(Entries provided)

lemma adapted_frame_add_pair:
  assumes G: "admissible_chain G" and b: "adapted_frame G b (2*m)"
    and U: "U \<in> G" "span (b ` {..<2*m}) \<subseteq> U"
    and above: "\<And>X. X \<in> G \<Longrightarrow> Suc (Suc (2*m)) \<le> dim X \<Longrightarrow> U \<subseteq> X"
    and x: "x \<in> U" "x \<notin> span (b ` {..<2*m})" "\<forall>j<2*m. s x (b j) = 0"
    and y: "y \<in> U" "s x y \<noteq> 0"
    and odd: "\<And>X. X \<in> G \<Longrightarrow> dim X = Suc (2*m) \<Longrightarrow> X = span (insert x (b ` {..<2*m}))"
  shows "\<exists>b'. adapted_frame G b' (Suc (Suc (2*m)))"
proof -
  have frame: "symplectic_frame b (2*m)"
    and low: "\<And>X. X \<in> G \<Longrightarrow> dim X \<le> 2*m \<Longrightarrow> X = span (b ` {..<dim X})"
    using b unfolding adapted_frame_def by auto
  obtain z where z: "z \<in> span (insert y (b ` {..<2*m}))"
    and frame': "symplectic_frame (b(2*m := x, Suc (2*m) := z)) (Suc (Suc (2*m)))"
    using symplectic_frame_add_pair[OF frame x(2,3) y(2)] by blast
  let ?b' = "b(2*m := x, Suc (2*m) := z)"
  have subU: "subspace U"
    using G U(1) by (rule admissible_chain_subspace)
  have b_U: "b ` {..<2*m} \<subseteq> U"
    using span_superset U(2) by (rule subset_trans)
  then have "insert y (b ` {..<2*m}) \<subseteq> U"
    using y(1) by simp
  then have "z \<in> U"
    using z span_minimal[OF _ subU] by blast
  have prefix: "?b' ` {..<j} = b ` {..<j}" if "j \<le> 2*m" for j
    using that by (simp add: fun_upd_image_lessThan)
  have "?b' ` {..<Suc (2*m)} = (b(2*m := x)) ` {..<Suc (2*m)}"
    by (rule fun_upd_image_lessThan) (rule order_refl)
  also have "\<dots> = insert x (b ` {..<2*m})"
    by (rule fun_upd_image_lessThan_Suc)
  finally have prefix_odd: "?b' ` {..<Suc (2*m)} = insert x (b ` {..<2*m})" .
  have "?b' ` {..<Suc (Suc (2*m))} = insert z (insert x (b ` {..<2*m}))"
    by (simp only: fun_upd_image_lessThan_Suc)
  then have in_U: "?b' ` {..<Suc (Suc (2*m))} \<subseteq> U"
    using \<open>z \<in> U\<close> x(1) b_U by simp
  have "adapted_frame G ?b' (Suc (Suc (2*m)))"
    unfolding adapted_frame_def
  proof (intro conjI ballI impI frame')
    fix X assume X: "X \<in> G" "dim X \<le> Suc (Suc (2*m))"
    consider "dim X \<le> 2*m" | "dim X = Suc (2*m)" | "dim X = Suc (Suc (2*m))"
      using X(2) by linarith
    then show "X = span (?b' ` {..<dim X})"
    proof cases
      case 1
      then show ?thesis using low[OF X(1)] prefix by simp
    next
      case 2
      then show ?thesis using odd[OF X(1)] prefix_odd by simp
    next
      case 3
      then have "span (?b' ` {..<dim X}) \<subseteq> X"
        using in_U above[OF X(1)] by (intro span_minimal admissible_chain_subspace[OF G X(1)]) auto
      moreover have "dim (span (?b' ` {..<dim X})) = dim X"
        using dim_span_symplectic_frame[OF frame'] 3 by simp
      ultimately show ?thesis
        using subspace_dim_equal[OF subspace_span admissible_chain_subspace[OF G X(1)]]
        by (metis order_refl)
    qed
  next
    fix X assume "X \<in> G" "Suc (Suc (2*m)) \<le> dim X"
    then show "?b' ` {..<Suc (Suc (2*m))} \<subseteq> X"
      using in_U above by blast
  qed
  then show ?thesis by blast
qed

(End Entries provided)

• _What is being asked_
Find the lines that mention "proof" in the entries and show them.

• _Exercise result_
proof -
  proof (intro conjI ballI impI frame')
    proof cases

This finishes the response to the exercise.